DATASET EXTRACT section start
(* For all $i,j\in I$, \[ \langle\!\langle \mathrm{Twirl}_i,\mathrm{Twirl}_j\rangle\!\rangle=|\mathcal E_i|\,\delta_{ij}. \] Consequently $\{|\mathcal E_i|^{-1/2}\,\mathrm{Twirl}_i\}_{i\in I}$ is an orthonormal set in $\mathcal L(\mathcal L(V))$.
   Context: Let $V$ be a finite-dimensional complex Hilbert space and $\mathcal L(V)$ the space of linear operators on $V$, equipped with the Hilbert–Schmidt inner product $\langle X_1,X_2\rangle=\mathrm{Tr}(X_1^\dagger X_2)$ (conjugate-linear in the first argument). Linear maps $\mathcal L(V)\to\mathcal L(V)$ are called superoperators; the space $\mathcal L(\mathcal L(V))$ of superoperators carries the inner product $\langle\!\langle \mathcal S,\mathcal T\rangle\!\rangle=\mathrm{Tr}(\mathcal S^\dagger\mathcal T)=\sum_{Y\in\mathcal B}\langle \mathcal S(Y),\mathcal T(Y)\rangle$, where $\mathcal B$ is any orthonormal basis of $\mathcal L(V)$ (adjoint and trace taken with respect to the Hilbert–Schmidt inner product). Fix an orthogonal decomposition $\mathcal L(V)=\bigoplus_{i\in I}\mathcal E_i$ and write $|\mathcal E_i|=\dim\mathcal E_i$. For each $i$, fix an orthonormal basis $\mathcal B_i$ of $\mathcal E_i$ and define the twirling superoperator $\mathrm{Twirl}_i(X)=\sum_{E\in\mathcal B_i}E^\dagger XE$ (it does not depend on the choice of orthonormal basis $\mathcal B_i$). *)

theory Defs
  imports "HOL-Analysis.Analysis"
begin

text \<open>V = C^n with n = CARD('n); operators on V are n x n complex matrices.\<close>
type_synonym 'n op = "complex^'n^'n"

definition cscale :: "complex \<Rightarrow> ('n::finite) op \<Rightarrow> 'n op" where
  "cscale c A = (\<chi> i j. c * A$i$j)"

definition adj :: "('n::finite) op \<Rightarrow> 'n op" where
  "adj A = (\<chi> i j. cnj (A$j$i))"

definition tr :: "('n::finite) op \<Rightarrow> complex" where
  "tr A = (\<Sum>i\<in>UNIV. A$i$i)"

text \<open>Hilbert-Schmidt inner product, conjugate-linear in the first argument.\<close>
definition hs_inner :: "('n::finite) op \<Rightarrow> 'n op \<Rightarrow> complex" where
  "hs_inner X1 X2 = tr (adj X1 ** X2)"

definition unit_op :: "('n::finite) \<Rightarrow> 'n \<Rightarrow> 'n op" where
  "unit_op a b = (\<chi> i j. if i = a \<and> j = b then 1 else 0)"

text \<open>Inner product of superoperators, computed in the orthonormal basis of matrix units.\<close>
definition sop_inner :: "(('n::finite) op \<Rightarrow> 'n op) \<Rightarrow> ('n op \<Rightarrow> 'n op) \<Rightarrow> complex" where
  "sop_inner S T = (\<Sum>(a,b)\<in>UNIV. hs_inner (S (unit_op a b)) (T (unit_op a b)))"

definition hs_orthonormal :: "('n::finite) op set \<Rightarrow> bool" where
  "hs_orthonormal B \<longleftrightarrow> (\<forall>E\<in>B. \<forall>F\<in>B. hs_inner E F = (if E = F then 1 else 0))"

definition twirl :: "('n::finite) op set \<Rightarrow> 'n op \<Rightarrow> 'n op" where
  "twirl B X = (\<Sum>E\<in>B. adj E ** X ** E)"

abbreviation csubspace :: "('n::finite) op set \<Rightarrow> bool" where
  "csubspace S \<equiv> module.subspace cscale S"

abbreviation cspan :: "('n::finite) op set \<Rightarrow> 'n op set" where
  "cspan S \<equiv> module.span cscale S"

abbreviation cdim :: "('n::finite) op set \<Rightarrow> nat" where
  "cdim S \<equiv> vector_space.dim cscale S"

end

theory Submission
  imports Defs
begin

text \<open>
  Since the matrix unit e_ab sandwiched as A e_ab B has entries A_ka B_bi, the superoperator
  inner product of X \<mapsto> A X B and X \<mapsto> C X D factorises as \<langle>A, C\<rangle> \<langle>B, D\<rangle>.
  Expanding both twirls by sesquilinearity therefore gives
  \<langle>\<langle>Twirl_i, Twirl_j\<rangle>\<rangle> = \<Sum> E \<in> B_i, F \<in> B_j. |\<langle>E, F\<rangle>|^2,
  which is |B_i| = dim E_i for i = j by orthonormality of B_i and 0 for i \<noteq> j because
  E_i \<perp> E_j.
\<close>

lemma hs_inner_eq_sum: "hs_inner X Y = (\<Sum>i\<in>UNIV. \<Sum>k\<in>UNIV. cnj (X$k$i) * Y$k$i)"
  by (simp add: hs_inner_def tr_def adj_def matrix_matrix_mult_def)

lemma hs_inner_adj: "hs_inner (adj X) (adj Y) = cnj (hs_inner X Y)"
  unfolding hs_inner_eq_sum cnj_sum by (simp add: adj_def mult.commute) (rule sum.swap)

lemma hs_inner_sum_left: "hs_inner (sum f A) Y = (\<Sum>x\<in>A. hs_inner (f x) Y)"
  by (induction A rule: infinite_finite_induct)
     (simp_all add: hs_inner_eq_sum distrib_right sum.distrib)

lemma hs_inner_sum_right: "hs_inner X (sum f A) = (\<Sum>x\<in>A. hs_inner X (f x))"
  by (induction A rule: infinite_finite_induct)
     (simp_all add: hs_inner_eq_sum distrib_left sum.distrib)

lemma hs_inner_cscale: "hs_inner (cscale a X) (cscale b Y) = cnj a * b * hs_inner X Y"
  by (simp add: hs_inner_eq_sum cscale_def sum_distrib_left mult_ac)

lemma hs_inner_cscale_right: "hs_inner X (cscale b Y) = b * hs_inner X Y"
  by (simp add: hs_inner_eq_sum cscale_def sum_distrib_left mult_ac)

lemma inner_eq_Re_hs_inner: "(X::('n::finite) op) \<bullet> Y = Re (hs_inner X Y)"
  by (simp add: hs_inner_eq_sum inner_vec_def inner_complex_def Re_sum) (rule sum.swap)

lemma mult_unit_op_entry: "(A ** unit_op a b)$k$j = (if j = b then A$k$a else 0)"
  by (simp add: unit_op_def matrix_matrix_mult_def if_distrib[of "\<lambda>x. _ * x"] cong: if_cong)

lemma sandwich_unit_op_entry: "(A ** unit_op a b ** B)$k$i = A$k$a * B$b$i"
  by (simp add: matrix_matrix_mult_def[of "A ** unit_op a b"] mult_unit_op_entry
      if_distrib[of "\<lambda>x. x * _"] cong: if_cong)

lemma sop_inner_sandwich:
  "sop_inner (\<lambda>X. A ** X ** B) (\<lambda>X. C ** X ** D) = hs_inner A C * hs_inner B D"
proof -
  have "hs_inner (A ** unit_op a b ** B) (C ** unit_op a b ** D)
      = (\<Sum>k\<in>UNIV. cnj (A$k$a) * C$k$a) * (\<Sum>i\<in>UNIV. cnj (B$b$i) * D$b$i)" for a b
  proof -
    have "hs_inner (A ** unit_op a b ** B) (C ** unit_op a b ** D)
        = (\<Sum>i\<in>UNIV. \<Sum>k\<in>UNIV. (cnj (A$k$a) * C$k$a) * (cnj (B$b$i) * D$b$i))"
      unfolding hs_inner_eq_sum sandwich_unit_op_entry by (simp add: mult_ac)
    also have "\<dots> = (\<Sum>k\<in>UNIV. \<Sum>i\<in>UNIV. (cnj (A$k$a) * C$k$a) * (cnj (B$b$i) * D$b$i))"
      by (rule sum.swap)
    finally show ?thesis by (simp only: sum_product)
  qed
  then have "sop_inner (\<lambda>X. A ** X ** B) (\<lambda>X. C ** X ** D)
      = (\<Sum>(a, b)\<in>UNIV \<times> UNIV. (\<Sum>k\<in>UNIV. cnj (A$k$a) * C$k$a) * (\<Sum>i\<in>UNIV. cnj (B$b$i) * D$b$i))"
    by (simp add: sop_inner_def)
  also have "\<dots> = (\<Sum>a\<in>UNIV. \<Sum>k\<in>UNIV. cnj (A$k$a) * C$k$a) * (\<Sum>b\<in>UNIV. \<Sum>i\<in>UNIV. cnj (B$b$i) * D$b$i)"
    by (simp only: sum.cartesian_product[symmetric] sum_product)
  also have "\<dots> = hs_inner A C * hs_inner B D"
    unfolding hs_inner_eq_sum by (subst (2) sum.swap) (rule refl)
  finally show ?thesis .
qed

lemma sop_inner_sum_left:
  "sop_inner (\<lambda>X. \<Sum>x\<in>A. S x X) T = (\<Sum>x\<in>A. sop_inner (S x) T)"
  unfolding sop_inner_def hs_inner_sum_left case_prod_beta by (rule sum.swap)

lemma sop_inner_sum_right:
  "sop_inner S (\<lambda>X. \<Sum>x\<in>A. T x X) = (\<Sum>x\<in>A. sop_inner S (T x))"
  unfolding sop_inner_def hs_inner_sum_right case_prod_beta by (rule sum.swap)

lemma sop_inner_cscale:
  "sop_inner (\<lambda>X. cscale a (S X)) (\<lambda>X. cscale b (T X)) = cnj a * b * sop_inner S T"
  by (simp add: sop_inner_def hs_inner_cscale sum_distrib_left case_prod_beta)

lemma sop_inner_twirl:
  "sop_inner (twirl A) (twirl C) = (\<Sum>E\<in>A. \<Sum>F\<in>C. cnj (hs_inner E F) * hs_inner E F)"
proof -
  have twirl_eq: "twirl B = (\<lambda>X. \<Sum>E\<in>B. adj E ** X ** E)" for B :: "('n::finite) op set"
    by (simp add: fun_eq_iff twirl_def)
  show ?thesis
    by (simp only: twirl_eq sop_inner_sum_left sop_inner_sum_right sop_inner_sandwich hs_inner_adj)
qed

lemma sop_inner_twirl_orthogonal:
  assumes "\<And>X Y. X \<in> A \<Longrightarrow> Y \<in> C \<Longrightarrow> hs_inner X Y = 0"
  shows "sop_inner (twirl A) (twirl C) = 0"
  by (simp add: sop_inner_twirl assms)

lemma sop_inner_twirl_self:
  assumes "hs_orthonormal B"
  shows "sop_inner (twirl B) (twirl B) = of_nat (card B)"
proof (cases "finite B")
  case True
  have "sop_inner (twirl B) (twirl B) = (\<Sum>E\<in>B. \<Sum>F\<in>B. if E = F then 1 else 0)"
    unfolding sop_inner_twirl using assms by (intro sum.cong refl) (simp add: hs_orthonormal_def)
  then show ?thesis using True by simp
qed (simp add: sop_inner_twirl)

lemma module_cscale: "module (cscale :: complex \<Rightarrow> ('n::finite) op \<Rightarrow> _)"
  by unfold_locales (auto simp: cscale_def vec_eq_iff algebra_simps)

lemma hs_orthonormal_finite:
  assumes "hs_orthonormal (B::('n::finite) op set)"
  shows "finite B"
proof -
  have "pairwise orthogonal B"
    using assms by (auto simp: pairwise_def orthogonal_def inner_eq_Re_hs_inner hs_orthonormal_def)
  moreover have "0 \<notin> B"
  proof
    assume "0 \<in> B"
    then have "hs_inner 0 (0::'n op) = 1"
      using assms by (auto simp: hs_orthonormal_def)
    then show False by (simp add: hs_inner_eq_sum)
  qed
  ultimately show ?thesis
    using pairwise_orthogonal_independent independent_bound by blast
qed

lemma hs_orthonormal_independent:
  assumes "hs_orthonormal (B::('n::finite) op set)"
  shows "\<not> module.dependent cscale B"
proof
  assume "module.dependent cscale B"
  then obtain t u v where t: "finite t" "t \<subseteq> B" "(\<Sum>w\<in>t. cscale (u w) w) = 0"
    and v: "v \<in> t" "u v \<noteq> 0"
    unfolding module.dependent_explicit[OF module_cscale] by blast
  have "0 = hs_inner v (\<Sum>w\<in>t. cscale (u w) w)"
    using t(3) by (simp add: hs_inner_eq_sum)
  also have "\<dots> = (\<Sum>w\<in>t. u w * (if v = w then 1 else 0))"
    using t v assms unfolding hs_inner_sum_right hs_inner_cscale_right hs_orthonormal_def
    by (intro sum.cong refl) (auto dest!: subsetD[OF t(2)])
  also have "\<dots> = u v"
    using t v by (simp add: if_distrib cong: if_cong)
  finally show False using v by simp
qed

lemma cdim_cspan_hs_orthonormal:
  assumes "hs_orthonormal (B::('n::finite) op set)"
  shows "cdim (cspan B) = card B"
  using vector_space.dim_span_eq_card_independent[OF module_cscale[unfolded module_iff_vector_space]
      hs_orthonormal_independent[OF assms]] .

theorem mainTheorem1:
  fixes E B :: "'i \<Rightarrow> ('n::finite) op set"
  assumes subsp: "\<And>i. csubspace (E i)"
    and orth: "\<And>i j X Y. i \<noteq> j \<Longrightarrow> X \<in> E i \<Longrightarrow> Y \<in> E j \<Longrightarrow> hs_inner X Y = 0"
    and total: "cspan (\<Union>i. E i) = UNIV"
    and basis_sub: "\<And>i. B i \<subseteq> E i"
    and basis_on: "\<And>i. hs_orthonormal (B i)"
    and basis_span: "\<And>i. cspan (B i) = E i"
  shows "(\<forall>i j. sop_inner (twirl (B i)) (twirl (B j))
                 = (if i = j then of_nat (cdim (E i)) else 0))
       \<and> (\<forall>i j. E i \<noteq> {0} \<longrightarrow> E j \<noteq> {0} \<longrightarrow>
            sop_inner (\<lambda>X. cscale (of_real (1 / sqrt (real (cdim (E i))))) (twirl (B i) X))
                      (\<lambda>X. cscale (of_real (1 / sqrt (real (cdim (E j))))) (twirl (B j) X))
            = (if i = j then 1 else 0))"
proof -
  have dim: "cdim (E i) = card (B i)" for i
    using cdim_cspan_hs_orthonormal[OF basis_on[of i]] by (simp add: basis_span)
  have inner: "sop_inner (twirl (B i)) (twirl (B j)) = (if i = j then of_nat (cdim (E i)) else 0)"
    for i j
  proof (cases "i = j")
    case False
    have "sop_inner (twirl (B i)) (twirl (B j)) = 0"
      using False orth basis_sub by (intro sop_inner_twirl_orthogonal) blast
    then show ?thesis
      using False by simp
  qed (simp add: dim sop_inner_twirl_self[OF basis_on])
  have trivial_if_dim_0: "E i = {0}" if "cdim (E i) = 0" for i
  proof -
    have "B i = {}"
      using that dim hs_orthonormal_finite[OF basis_on] by simp
    then show ?thesis
      using basis_span[of i] module.span_empty[OF module_cscale] by metis
  qed
  have sqrt_square: "complex_of_real (sqrt (real d)) * complex_of_real (sqrt (real d)) = of_nat d"
    for d :: nat
    by (simp flip: of_real_mult)
  show ?thesis
    using trivial_if_dim_0 by (simp add: inner sop_inner_cscale sqrt_square)
qed

end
DATASET EXTRACT section end
YOUR ASSIGNMENT:
State how many lines of the records above contain the word "UNIV", giving only that number.

TASK OUTPUT:
9